Annual house price growth reached a four year low of 2.3% in January 2017, Rightmove’s House Price Index has revealed.
In early 2016 the market was boosted by buy-to-let investors rushing to beat the April stamp duty deadlines, making this year seem subdued by comparison.
Miles Shipside, director and housing market analyst at Rightmove, said: “While the prices of goods in shops are rising at a faster rate, the pace of price rises in property coming to the market is slowing.
“They’re still 2.3% higher than a year ago, but perhaps we’re approaching the territory where many buyers are unable or unwilling to pay what sellers are asking, given the negative combination of rises in the cost of living, tighter lending criteria, and a dose of Brexit uncertainty.
“The surge in the cost of home-ownership highlights some of the issues referred to in the government’s recent Housing White Paper on fixing the broken housing market.”
Rightmove said slower price growth meant overpriced properties are at a greater risk of standing out as poorer value for longer.
Three quarters of estate agents said their local market is price sensitive.
The price of property coming to market is up 2.0% this month which is the smallest price rise at this time of year since February 2009.
Russell Quirk, chief executive of eMoov, said: “Judging by these latest figures the market seems to have been slow out of the blocks for 2017, but this isn’t the most transparent picture of current conditions for two reasons.
“Firstly, the market will be very much finding its feet again with many sellers having abstained from their sale for the Christmas period. Thus, any slow down so early in the year is likely to be seasonal with the market getting a second wind heading into Spring.
“Secondly, it is important to remember Rightmove’s data is based very much on asking price, not sold price, and gives us just a one month snap shot into one side of the property selling process.”
He added: “What it does tell us for sure, is that the seller apprehension that remained prevalent throughout the back end of 2016, doesn’t seem to have quite subsided despite the market remaining strong. As a result, UK sellers seem to be adjusting their asking price in order to push through a sale in what they believe to be a weakened market.

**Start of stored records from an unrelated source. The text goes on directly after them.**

(* Let $B_J=L+U\in\mathbb R^{n\times n}$ with $\rho(B_J)>0$, where $L$ is strictly lower triangular and $U$ is strictly upper triangular, and suppose $L\ne O$ and $U\ne O$. Then $UL\ne O$ and $LU\ne O$.
   Context: $\rho$ denotes spectral radius. *)

theory Defs
  imports "Jordan_Normal_Form.Spectral_Radius"
begin

definition strictly_lower_tri :: "nat \<Rightarrow> real mat \<Rightarrow> bool" where
  "strictly_lower_tri n A \<longleftrightarrow> A \<in> carrier_mat n n \<and>
     (\<forall>i<n. \<forall>j<n. i \<le> j \<longrightarrow> A $$ (i, j) = 0)"

definition strictly_upper_tri :: "nat \<Rightarrow> real mat \<Rightarrow> bool" where
  "strictly_upper_tri n A \<longleftrightarrow> A \<in> carrier_mat n n \<and>
     (\<forall>i<n. \<forall>j<n. j \<le> i \<longrightarrow> A $$ (i, j) = 0)"

definition real_spectral_radius :: "real mat \<Rightarrow> real" where
  "real_spectral_radius A = spectral_radius (map_mat complex_of_real A)"

end

theory Submission
  imports Defs
begin

text \<open>Strictly triangular matrices have no eigenvalue other than 0. If \<open>U L = 0\<close> and
\<open>(L + U) v = \<lambda> v\<close>, applying \<open>U\<close> gives \<open>U (U v) = \<lambda> U v\<close>: either \<open>U v \<noteq> 0\<close> is an
eigenvector of \<open>U\<close>, or \<open>L v = \<lambda> v\<close>. Either way \<open>\<lambda> = 0\<close>, so \<open>L + U\<close> would have
spectral radius 0; the case \<open>L U = 0\<close> is symmetric.\<close>

lemma eigenvalue_upper_triangular:
  fixes A :: "'a::field mat"
  assumes A: "A \<in> carrier_mat n n" and "upper_triangular A" and "eigenvalue A k"
  shows "k \<in> set (diag_mat A)"
  using assms
  by (force simp: eigenvalue_root_char_poly[OF A] char_poly_upper_triangular[OF A] poly_prod_list)

lemma eigenvalue_strictly_upper_triangular:
  fixes A :: "'a::field mat"
  assumes A: "A \<in> carrier_mat n n" and upper: "\<forall>i<n. \<forall>j<n. j \<le> i \<longrightarrow> A $$ (i, j) = 0"
    and "eigenvalue A k"
  shows "k = 0"
proof -
  have "upper_triangular A"
    using A upper by (auto simp: upper_triangular_def)
  then have "k \<in> set (diag_mat A)"
    using eigenvalue_upper_triangular A \<open>eigenvalue A k\<close> by blast
  then show ?thesis
    using A upper by (auto simp: diag_mat_def)
qed

lemma eigenvalue_strictly_lower_triangular:
  fixes A :: "'a::field mat"
  assumes A: "A \<in> carrier_mat n n" and lower: "\<forall>i<n. \<forall>j<n. i \<le> j \<longrightarrow> A $$ (i, j) = 0"
    and "eigenvalue A k"
  shows "k = 0"
proof (rule eigenvalue_strictly_upper_triangular)
  show "transpose_mat A \<in> carrier_mat n n"
    using A by simp
  show "\<forall>i<n. \<forall>j<n. j \<le> i \<longrightarrow> transpose_mat A $$ (i, j) = 0"
    using A lower by simp
  show "eigenvalue (transpose_mat A) k"
    using A \<open>eigenvalue A k\<close> by (simp add: eigenvalue_root_char_poly)
qed

lemma eigenvalue_add_mult_zero:
  fixes M N :: "'a::field mat"
  assumes M: "M \<in> carrier_mat n n" and N: "N \<in> carrier_mat n n"
    and MN: "M * N = 0\<^sub>m n n" and "eigenvalue (M + N) k"
  shows "eigenvalue M k \<or> eigenvalue N k"
proof -
  obtain v where v: "v \<in> carrier_vec n" "v \<noteq> 0\<^sub>v n" and eq: "M *\<^sub>v v + N *\<^sub>v v = k \<cdot>\<^sub>v v"
    using \<open>eigenvalue (M + N) k\<close> M N
    by (auto simp: eigenvalue_def eigenvector_def add_mult_distrib_mat_vec)
  have "M *\<^sub>v (N *\<^sub>v v) = (M * N) *\<^sub>v v"
    using M N v by simp
  also have "\<dots> = 0\<^sub>v n"
    using MN v by (intro eq_vecI) (auto simp: mult_mat_vec_def scalar_prod_def)
  finally have MNv: "M *\<^sub>v (N *\<^sub>v v) = 0\<^sub>v n" .
  have "M *\<^sub>v (M *\<^sub>v v) = M *\<^sub>v (M *\<^sub>v v + N *\<^sub>v v)"
    using M N v MNv by (simp add: mult_add_distrib_mat_vec)
  also have "\<dots> = k \<cdot>\<^sub>v (M *\<^sub>v v)"
    using M v by (simp add: eq mult_mat_vec)
  finally have MMv: "M *\<^sub>v (M *\<^sub>v v) = k \<cdot>\<^sub>v (M *\<^sub>v v)" .
  show ?thesis
  proof (cases "M *\<^sub>v v = 0\<^sub>v n")
    case True
    then have "N *\<^sub>v v = k \<cdot>\<^sub>v v"
      using eq N v by simp
    then show ?thesis
      using N v by (auto simp: eigenvalue_def eigenvector_def)
  next
    case False
    have "eigenvector M (M *\<^sub>v v) k"
      using False M v MMv by (auto simp: eigenvector_def)
    then show ?thesis
      by (auto simp: eigenvalue_def)
  qed
qed

lemma spectrum_of_real_triangular_sum:
  assumes lower: "strictly_lower_tri n L" and upper: "strictly_upper_tri n U"
    and zero_product: "U * L = 0\<^sub>m n n \<or> L * U = 0\<^sub>m n n"
  shows "spectrum (map_mat complex_of_real (L + U)) \<subseteq> {0}"
proof
  fix k assume "k \<in> spectrum (map_mat complex_of_real (L + U))"
  define cL where "cL = map_mat complex_of_real L"
  define cU where "cU = map_mat complex_of_real U"
  have L: "L \<in> carrier_mat n n" and U: "U \<in> carrier_mat n n"
    using lower upper by (auto simp: strictly_lower_tri_def strictly_upper_tri_def)
  then have cL: "cL \<in> carrier_mat n n" and cU: "cU \<in> carrier_mat n n"
    by (auto simp: cL_def cU_def)
  have "map_mat complex_of_real (L + U) = cL + cU"
    using L U by (intro eq_matI) (auto simp: cL_def cU_def)
  then have eig_sum: "eigenvalue (cU + cL) k" "eigenvalue (cL + cU) k"
    using \<open>k \<in> spectrum _\<close> cL cU by (auto simp: spectrum_def comm_add_mat)
  have "cU * cL = 0\<^sub>m n n \<or> cL * cU = 0\<^sub>m n n"
    using zero_product L U
    by (auto simp: cL_def cU_def of_real_hom.mat_hom_mult[symmetric])
  then have "eigenvalue cL k \<or> eigenvalue cU k"
    using eigenvalue_add_mult_zero[OF cU cL _ eig_sum(1)]
      eigenvalue_add_mult_zero[OF cL cU _ eig_sum(2)] by blast
  moreover have "eigenvalue cL k \<Longrightarrow> k = 0"
    using lower cL by (intro eigenvalue_strictly_lower_triangular) (auto simp: strictly_lower_tri_def cL_def)
  moreover have "eigenvalue cU k \<Longrightarrow> k = 0"
    using upper cU by (intro eigenvalue_strictly_upper_triangular) (auto simp: strictly_upper_tri_def cU_def)
  ultimately show "k \<in> {0}" by blast
qed

theorem lemma6p1:
  fixes n :: nat and L U :: "real mat"
  assumes "strictly_lower_tri n L"
    and "strictly_upper_tri n U"
    and "real_spectral_radius (L + U) > 0"
    and "L \<noteq> 0\<^sub>m n n"
    and "U \<noteq> 0\<^sub>m n n"
  shows "U * L \<noteq> 0\<^sub>m n n \<and> L * U \<noteq> 0\<^sub>m n n"
proof (rule ccontr)
  assume "\<not> ?thesis"
  then have spectrum: "spectrum (map_mat complex_of_real (L + U)) \<subseteq> {0}"
    using spectrum_of_real_triangular_sum assms(1,2) by blast
  have L: "L \<in> carrier_mat n n" and U: "U \<in> carrier_mat n n"
    using assms(1,2) by (auto simp: strictly_lower_tri_def strictly_upper_tri_def)
  have "n > 0"
  proof (rule gr0I)
    assume "n = 0"
    with L have "L = 0\<^sub>m n n"
      by (intro eq_matI) auto
    with assms(4) show False ..
  qed
  then have "real_spectral_radius (L + U) \<in> norm ` spectrum (map_mat complex_of_real (L + U))"
    using L U unfolding real_spectral_radius_def by (intro spectral_radius_mem_max) auto
  with spectrum have "real_spectral_radius (L + U) = 0"
    by auto
  with assms(3) show False
    by simp
qed

end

“Regardless of this trepidation, Rightmove reported a three percent annual increase in traffic levels, which suggests that demand on the other side of the fence remains strong.

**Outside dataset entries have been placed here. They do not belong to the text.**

(* Let $E$ be a finite-dimensional real vector space, let $C$ be a nonzero nondegenerate cone of $E$, and let $u$ be an endomorphism of $E$ with $u(C)\subseteq C$. Put $v=\mathrm{id}_E+u$ and $C'=\bigcap_{n\geq 0}v^n(C)$. Then $C'$ is a nonzero nondegenerate cone contained in $C$, $u(C')\subseteq C'$, and $v(C')=C'$.
   Context: A cone of a finite-dimensional real vector space $E$ is a closed subset $C\subseteq E$ that contains $0$ and is stable under addition of vectors and under multiplication by positive scalars. A cone $C$ is nondegenerate if $C\cap(-C)=\{0\}$, and nonzero if it contains a nonzero vector. *)

theory Defs
  imports "HOL-Analysis.Analysis"
begin

definition closed_cone :: "'a::real_normed_vector set \<Rightarrow> bool" where
  "closed_cone C \<longleftrightarrow> closed C \<and> 0 \<in> C \<and> (\<forall>x\<in>C. \<forall>y\<in>C. x + y \<in> C)
     \<and> (\<forall>t::real. t > 0 \<longrightarrow> (\<forall>x\<in>C. t *\<^sub>R x \<in> C))"

definition nondegenerate_cone :: "'a::real_vector set \<Rightarrow> bool" where
  "nondegenerate_cone C \<longleftrightarrow> C \<inter> uminus ` C = {0}"

definition nonzero_cone :: "'a::real_vector set \<Rightarrow> bool" where
  "nonzero_cone C \<longleftrightarrow> (\<exists>x\<in>C. x \<noteq> 0)"

end

theory Submission
  imports Defs
begin

text \<open>If \<open>x \<in> C\<close> and \<open>v x = 0\<close>, then \<open>-x = u x \<in> C\<close>, so \<open>x = 0\<close> by
  nondegeneracy: no power \<open>v\<^sup>n\<close> kills a nonzero vector of \<open>C\<close>. A linear map with this property
  on a closed cone is bounded below on it (compactness of the unit sphere), hence maps it onto a
  closed cone; so the \<open>v\<^sup>n(C)\<close> form a decreasing sequence of nonzero closed cones. Normalising
  nonzero vectors of \<open>v\<^sup>n(C)\<close> gives a nested sequence of nonempty compact subsets of the unit
  sphere, whose common point is a nonzero vector of \<open>C'\<close>. Finally, for \<open>y \<in> C'\<close> the sets
  \<open>v\<^sup>n(C) \<inter> v\<^sup>-\<^sup>1(y)\<close> are nonempty, closed, decreasing and bounded (as \<open>v\<close> is bounded below on
  \<open>C\<close>), and a common point of them is a preimage of \<open>y\<close> in \<open>C'\<close>.\<close>

lemma linear_funpow:
  fixes f :: "'a::real_vector \<Rightarrow> 'a"
  assumes "linear f"
  shows "linear (f ^^ n)"
proof (induction n)
  case (Suc n)
  then show ?case using linear_compose[OF Suc assms] by (simp add: o_def)
qed (simp add: linear_iff)

lemma funpow_commute:
  fixes f g :: "'a \<Rightarrow> 'a"
  assumes "\<And>x. f (g x) = g (f x)"
  shows "f ((g ^^ n) x) = (g ^^ n) (f x)"
  by (induction n) (simp_all add: assms)

lemma cone_norm_lower_bound:
  fixes C :: "'a::euclidean_space set" and L :: "'a \<Rightarrow> 'b::real_normed_vector"
  assumes "closed C" and scale: "\<And>x t. x \<in> C \<Longrightarrow> t > 0 \<Longrightarrow> t *\<^sub>R x \<in> C"
    and "linear L" and kernel: "\<And>x. x \<in> C \<Longrightarrow> L x = 0 \<Longrightarrow> x = 0"
  obtains m where "m > 0" and "\<And>x. x \<in> C \<Longrightarrow> m * norm x \<le> norm (L x)"
proof -
  let ?S = "C \<inter> sphere 0 1"
  have normalised: "(1 / norm x) *\<^sub>R x \<in> ?S" if "x \<in> C" "x \<noteq> 0" for x
    using scale[OF that(1), of "1 / norm x"] that by auto
  show thesis
  proof (cases "?S = {}")
    case True
    then have "C \<subseteq> {0}" using normalised by blast
    then show thesis by (intro that[of 1]) auto
  next
    case False
    have "compact ?S" using \<open>closed C\<close> by (simp add: closed_Int_compact)
    moreover have "continuous_on ?S (\<lambda>x. norm (L x))"
      using \<open>linear L\<close> by (intro continuous_on_norm linear_continuous_on)
        (simp add: linear_conv_bounded_linear)
    ultimately obtain z where z: "z \<in> ?S" and z_min: "\<And>y. y \<in> ?S \<Longrightarrow> norm (L z) \<le> norm (L y)"
      using continuous_attains_inf[OF _ False] by blast
    show thesis
    proof (rule that)
      show "norm (L z) > 0" using z kernel by fastforce
    next
      fix x assume "x \<in> C"
      show "norm (L z) * norm x \<le> norm (L x)"
      proof (cases "x = 0")
        case False
        have "norm (L z) \<le> norm (L ((1 / norm x) *\<^sub>R x))"
          using z_min normalised[OF \<open>x \<in> C\<close> False] by blast
        also have "\<dots> = norm (L x) / norm x"
          using linear_scale[OF \<open>linear L\<close>] by simp
        finally show ?thesis using False by (simp add: field_simps)
      qed simp
    qed
  qed
qed

lemma closed_linear_image_cone:
  fixes C :: "'a::euclidean_space set" and L :: "'a \<Rightarrow> 'b::real_normed_vector"
  assumes "closed C" and "\<And>x t. x \<in> C \<Longrightarrow> t > 0 \<Longrightarrow> t *\<^sub>R x \<in> C"
    and "linear L" and "\<And>x. x \<in> C \<Longrightarrow> L x = 0 \<Longrightarrow> x = 0"
  shows "closed (L ` C)"
proof -
  obtain m where "m > 0" and bound: "\<And>x. x \<in> C \<Longrightarrow> m * norm x \<le> norm (L x)"
    using cone_norm_lower_bound[OF assms] by blast
  have "y \<in> L ` C" if y: "y \<in> closure (L ` C)" for y
  proof -
    define R where "R = (norm y + 1) / m"
    have near: "ball y 1 \<inter> L ` C \<subseteq> L ` (C \<inter> cball 0 R)"
    proof
      fix w assume "w \<in> ball y 1 \<inter> L ` C"
      then obtain x where x: "x \<in> C" "w = L x" "dist y (L x) < 1" by auto
      have "norm (L x) \<le> norm y + dist y (L x)"
        by (metis dist_commute dist_norm norm_triangle_sub)
      then have "m * norm x \<le> norm y + 1" using bound[OF x(1)] x(3) by linarith
      then have "norm x \<le> R" using \<open>m > 0\<close> by (simp add: R_def field_simps)
      then show "w \<in> L ` (C \<inter> cball 0 R)" using x by auto
    qed
    have "compact (L ` (C \<inter> cball 0 R))"
      using \<open>linear L\<close> \<open>closed C\<close>
      by (intro compact_continuous_image linear_continuous_on closed_Int_compact compact_cball)
        (simp_all add: linear_conv_bounded_linear)
    then have "closed (L ` (C \<inter> cball 0 R))" by (rule compact_imp_closed)
    moreover have "y \<in> closure (ball y 1 \<inter> L ` C)"
      using y open_Int_closure_subset[of "ball y 1" "L ` C"] by auto
    ultimately have "y \<in> L ` (C \<inter> cball 0 R)" using near closure_minimal by blast
    then show ?thesis by blast
  qed
  then show ?thesis using closure_subset_eq by blast
qed

lemma closed_cone_linear_image:
  fixes C :: "'a::euclidean_space set" and L :: "'a \<Rightarrow> 'b::real_normed_vector"
  assumes "closed_cone C" and "linear L" and "\<And>x. x \<in> C \<Longrightarrow> L x = 0 \<Longrightarrow> x = 0"
  shows "closed_cone (L ` C)"
proof -
  have "closed (L ` C)"
    using assms by (intro closed_linear_image_cone) (auto simp: closed_cone_def)
  moreover have "0 \<in> L ` C"
    using assms linear_0[OF \<open>linear L\<close>] by (force simp: closed_cone_def)
  moreover have "L x + L y \<in> L ` C" if "x \<in> C" "y \<in> C" for x y
    using assms that by (metis closed_cone_def image_eqI linear_add)
  moreover have "t *\<^sub>R L x \<in> L ` C" if "x \<in> C" "t > 0" for x t
    using assms that by (metis closed_cone_def image_eqI linear_scale)
  ultimately show ?thesis by (auto simp: closed_cone_def)
qed

lemma closed_cone_INT:
  "(\<And>n. closed_cone (V n)) \<Longrightarrow> closed_cone (\<Inter>n. V n)"
  unfolding closed_cone_def by auto

lemma nondegenerate_cone_subset:
  "nondegenerate_cone C \<Longrightarrow> D \<subseteq> C \<Longrightarrow> 0 \<in> D \<Longrightarrow> nondegenerate_cone D"
  unfolding nondegenerate_cone_def by force

lemma nonzero_cone_INT_decseq:
  fixes V :: "nat \<Rightarrow> 'a::euclidean_space set"
  assumes "decseq V" and cone: "\<And>n. closed_cone (V n)" and nonzero: "\<And>n. nonzero_cone (V n)"
  shows "nonzero_cone (\<Inter>n. V n)"
proof -
  define K where "K n = V n \<inter> sphere 0 1" for n
  have "closed (K n)" for n
    using cone[of n] by (simp add: K_def closed_cone_def closed_Int)
  moreover have "K n \<noteq> {}" for n
  proof -
    obtain x where "x \<in> V n" "x \<noteq> 0" using nonzero by (auto simp: nonzero_cone_def)
    then have "(1 / norm x) *\<^sub>R x \<in> K n"
      using cone[of n] by (simp add: K_def closed_cone_def)
    then show ?thesis by blast
  qed
  moreover have "K n \<subseteq> K m" if "m \<le> n" for m n
    using \<open>decseq V\<close> that by (auto simp: K_def decseq_def)
  moreover have "bounded (K 0)" by (simp add: K_def bounded_Int)
  ultimately obtain a where "\<And>n. a \<in> K n" using bounded_closed_nest by metis
  then have "a \<in> (\<Inter>n. V n)" and "a \<noteq> 0" by (auto simp: K_def)
  then show ?thesis unfolding nonzero_cone_def by blast
qed

lemma in_image_INT_decseq:
  fixes f :: "'a::heine_borel \<Rightarrow> 'b::t2_space" and V :: "nat \<Rightarrow> 'a set"
  assumes "continuous_on UNIV f" and "decseq V" and "\<And>n. closed (V n)"
    and "bounded (V 0 \<inter> f -` {y})" and "\<And>n. y \<in> f ` V n"
  shows "y \<in> f ` (\<Inter>n. V n)"
proof -
  define K where "K n = V n \<inter> f -` {y}" for n
  have "closed (f -` {y})"
    using \<open>continuous_on UNIV f\<close> closed_vimage closed_singleton by blast
  then have "closed (K n)" for n by (simp add: K_def closed_Int assms(3))
  moreover have "K n \<noteq> {}" for n using assms(5)[of n] by (auto simp: K_def)
  moreover have "K n \<subseteq> K m" if "m \<le> n" for m n
    using \<open>decseq V\<close> that by (auto simp: K_def decseq_def)
  moreover have "bounded (K 0)" using assms(4) by (simp add: K_def)
  ultimately obtain a where "\<And>n. a \<in> K n" using bounded_closed_nest by metis
  then show ?thesis by (auto simp: K_def)
qed

lemma image_INT_funpow_image_subset:
  assumes "f ` C \<subseteq> C" and "\<And>x. f (g x) = g (f x)"
  shows "f ` (\<Inter>n. (g ^^ n) ` C) \<subseteq> (\<Inter>n. (g ^^ n) ` C)"
proof (intro subsetI INT_I)
  fix y n assume "y \<in> f ` (\<Inter>n. (g ^^ n) ` C)"
  then obtain x where "x \<in> (g ^^ n) ` C" and "y = f x" by blast
  then obtain a where "a \<in> C" and y: "y = f ((g ^^ n) a)" by blast
  have "y = (g ^^ n) (f a)" unfolding y by (rule funpow_commute[of f g, OF assms(2)])
  moreover have "f a \<in> C" using assms(1) \<open>a \<in> C\<close> by blast
  ultimately show "y \<in> (g ^^ n) ` C" by blast
qed

locale cone_endomorphism =
  fixes C :: "'a::euclidean_space set" and u v :: "'a \<Rightarrow> 'a"
  assumes closed_cone_C: "closed_cone C" and nondegenerate_C: "nondegenerate_cone C"
    and linear_u: "linear u" and u_image: "u ` C \<subseteq> C"
    and v_def: "v = (\<lambda>x. x + u x)"
begin

lemma linear_v: "linear v"
  unfolding v_def using linear_add[OF linear_u] linear_scale[OF linear_u]
  by (intro linearI) (simp_all add: algebra_simps)

lemma u_v_commute: "u (v x) = v (u x)"
  unfolding v_def using linear_add[OF linear_u] by simp

lemma v_image: "v ` C \<subseteq> C"
  using u_image closed_cone_C by (auto simp: v_def closed_cone_def)

lemma v_eq_0:
  assumes "x \<in> C" and "v x = 0"
  shows "x = 0"
proof -
  have "x = - u x" using \<open>v x = 0\<close> by (simp add: v_def add_eq_0_iff)
  then have "x \<in> C \<inter> uminus ` C" using u_image \<open>x \<in> C\<close> by blast
  then show ?thesis using nondegenerate_C unfolding nondegenerate_cone_def by blast
qed

lemma funpow_v_eq_0: "x \<in> C \<Longrightarrow> (v ^^ n) x = 0 \<Longrightarrow> x = 0"
proof (induction n arbitrary: x)
  case (Suc n)
  then have "v x \<in> C" using v_image by blast
  with Suc show ?case by (simp add: funpow_swap1 v_eq_0)
qed simp

lemma decseq_funpow_image: "decseq (\<lambda>n. (v ^^ n) ` C)"
proof (rule decseq_SucI)
  fix n
  have "(v ^^ Suc n) ` C = (v ^^ n) ` (v ` C)" by (simp add: image_comp funpow_swap1 o_def)
  then show "(v ^^ Suc n) ` C \<subseteq> (v ^^ n) ` C" using v_image by auto
qed

lemma closed_cone_funpow_image: "closed_cone ((v ^^ n) ` C)"
  using closed_cone_C linear_funpow[OF linear_v] funpow_v_eq_0
  by (rule closed_cone_linear_image)

lemma nonzero_cone_funpow_image:
  assumes "nonzero_cone C"
  shows "nonzero_cone ((v ^^ n) ` C)"
proof -
  obtain x where "x \<in> C" "x \<noteq> 0" using assms by (auto simp: nonzero_cone_def)
  then have "(v ^^ n) x \<in> (v ^^ n) ` C" and "(v ^^ n) x \<noteq> 0"
    using funpow_v_eq_0 by blast+
  then show ?thesis unfolding nonzero_cone_def by blast
qed

lemma bounded_preimage_v: "bounded (C \<inter> v -` {y})"
proof -
  have "closed C" and "\<And>x t. x \<in> C \<Longrightarrow> t > 0 \<Longrightarrow> t *\<^sub>R x \<in> C"
    using closed_cone_C by (simp_all add: closed_cone_def)
  then obtain m where "m > 0" and bound: "\<And>x. x \<in> C \<Longrightarrow> m * norm x \<le> norm (v x)"
    using cone_norm_lower_bound[OF _ _ linear_v v_eq_0] by blast
  have "norm x \<le> norm y / m" if "x \<in> C" "v x = y" for x
    using bound[OF that(1)] that(2) \<open>m > 0\<close> by (simp add: pos_le_divide_eq mult.commute)
  then have "C \<inter> v -` {y} \<subseteq> cball 0 (norm y / m)" by auto
  then show ?thesis using bounded_cball bounded_subset by blast
qed

lemma v_image_INT_funpow_image:
  "v ` (\<Inter>n. (v ^^ n) ` C) = (\<Inter>n. (v ^^ n) ` C)"
proof
  show "v ` (\<Inter>n. (v ^^ n) ` C) \<subseteq> (\<Inter>n. (v ^^ n) ` C)"
    using v_image by (rule image_INT_funpow_image_subset) simp
  show "(\<Inter>n. (v ^^ n) ` C) \<subseteq> v ` (\<Inter>n. (v ^^ n) ` C)"
  proof
    fix y assume y: "y \<in> (\<Inter>n. (v ^^ n) ` C)"
    have "y \<in> v ` (v ^^ n) ` C" for n
      using y image_comp[of v "v ^^ n" C] by (metis INT_E UNIV_I funpow.simps(2))
    moreover have "continuous_on UNIV v"
      using linear_v by (simp add: linear_conv_bounded_linear linear_continuous_on)
    moreover have "closed ((v ^^ n) ` C)" for n
      using closed_cone_funpow_image by (simp add: closed_cone_def)
    moreover have "bounded ((v ^^ 0) ` C \<inter> v -` {y})"
      using bounded_preimage_v by simp
    ultimately show "y \<in> v ` (\<Inter>n. (v ^^ n) ` C)"
      using decseq_funpow_image in_image_INT_decseq by metis
  qed
qed

end

theorem mainTheorem11:
  fixes C :: "'a::euclidean_space set" and u :: "'a \<Rightarrow> 'a"
  assumes "closed_cone C" and "nonzero_cone C" and "nondegenerate_cone C"
    and "linear u" and "u ` C \<subseteq> C"
  defines "v \<equiv> (\<lambda>x. x + u x)"
  defines "C' \<equiv> (\<Inter>n::nat. (v ^^ n) ` C)"
  shows "closed_cone C' \<and> nonzero_cone C' \<and> nondegenerate_cone C' \<and> C' \<subseteq> C
    \<and> u ` C' \<subseteq> C' \<and> v ` C' = C'"
proof -
  interpret cone_endomorphism C u v
    by (intro cone_endomorphism.intro assms(1,3,4,5)) (simp add: v_def)
  have "closed_cone C'"
    unfolding C'_def using closed_cone_funpow_image by (rule closed_cone_INT)
  moreover have "nonzero_cone C'"
    unfolding C'_def using decseq_funpow_image closed_cone_funpow_image
      nonzero_cone_funpow_image[OF \<open>nonzero_cone C\<close>] by (rule nonzero_cone_INT_decseq)
  moreover have "C' \<subseteq> C"
    unfolding C'_def using INT_lower[of 0 UNIV "\<lambda>n. (v ^^ n) ` C"] by simp
  moreover have "nondegenerate_cone C'"
    using \<open>nondegenerate_cone C\<close> \<open>C' \<subseteq> C\<close>
  proof (rule nondegenerate_cone_subset)
    show "0 \<in> C'" using \<open>closed_cone C'\<close> by (simp add: closed_cone_def)
  qed
  moreover have "u ` C' \<subseteq> C'"
    unfolding C'_def using \<open>u ` C \<subseteq> C\<close> u_v_commute by (rule image_INT_funpow_image_subset)
  moreover have "v ` C' = C'"
    unfolding C'_def by (rule v_image_INT_funpow_image)
  ultimately show ?thesis by blast
qed

end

“Not only are these early bird buyers likely to nab themselves a bargain due to the lower asking prices across the market, but this heightened activity will no doubt see this lull reversed when Rightmove release next month’s figures.”
Keith Street, vice chairman of group lending at The Northview Group, said: “February can be one of the busiest times of the year for the property market, so a monthly rise in house prices is to be expected. Combine this with the ongoing lack of supply of housing and it’s no surprise that the market remains a highly competitive space.
“Due to such strong demand, it is important that brokers help those who may be struggling more than others to find a mortgage. Self-employed borrowers, contractors and those who may have suffered a credit blip need support from brokers and lenders alike.”
Jeremy Duncombe, director of Legal & General Mortgage Club, said: “The housing market has always experienced monthly fluctuations in the price of property, so today’s results from Rightmove are no real shock, particularly as the annual figures continue to show house prices rising over the course of the year.
“After the fanfare surrounding the Housing White Paper, it is reassuring to see the government finally recognise and make plans to tackle the supply and demand crisis that is the root cause of the housing crisis. With a programme in place to address housing supply, it’s now time to get on with the job of building thousands of new homes, for all tenures, to create a fairer housing market for the future.”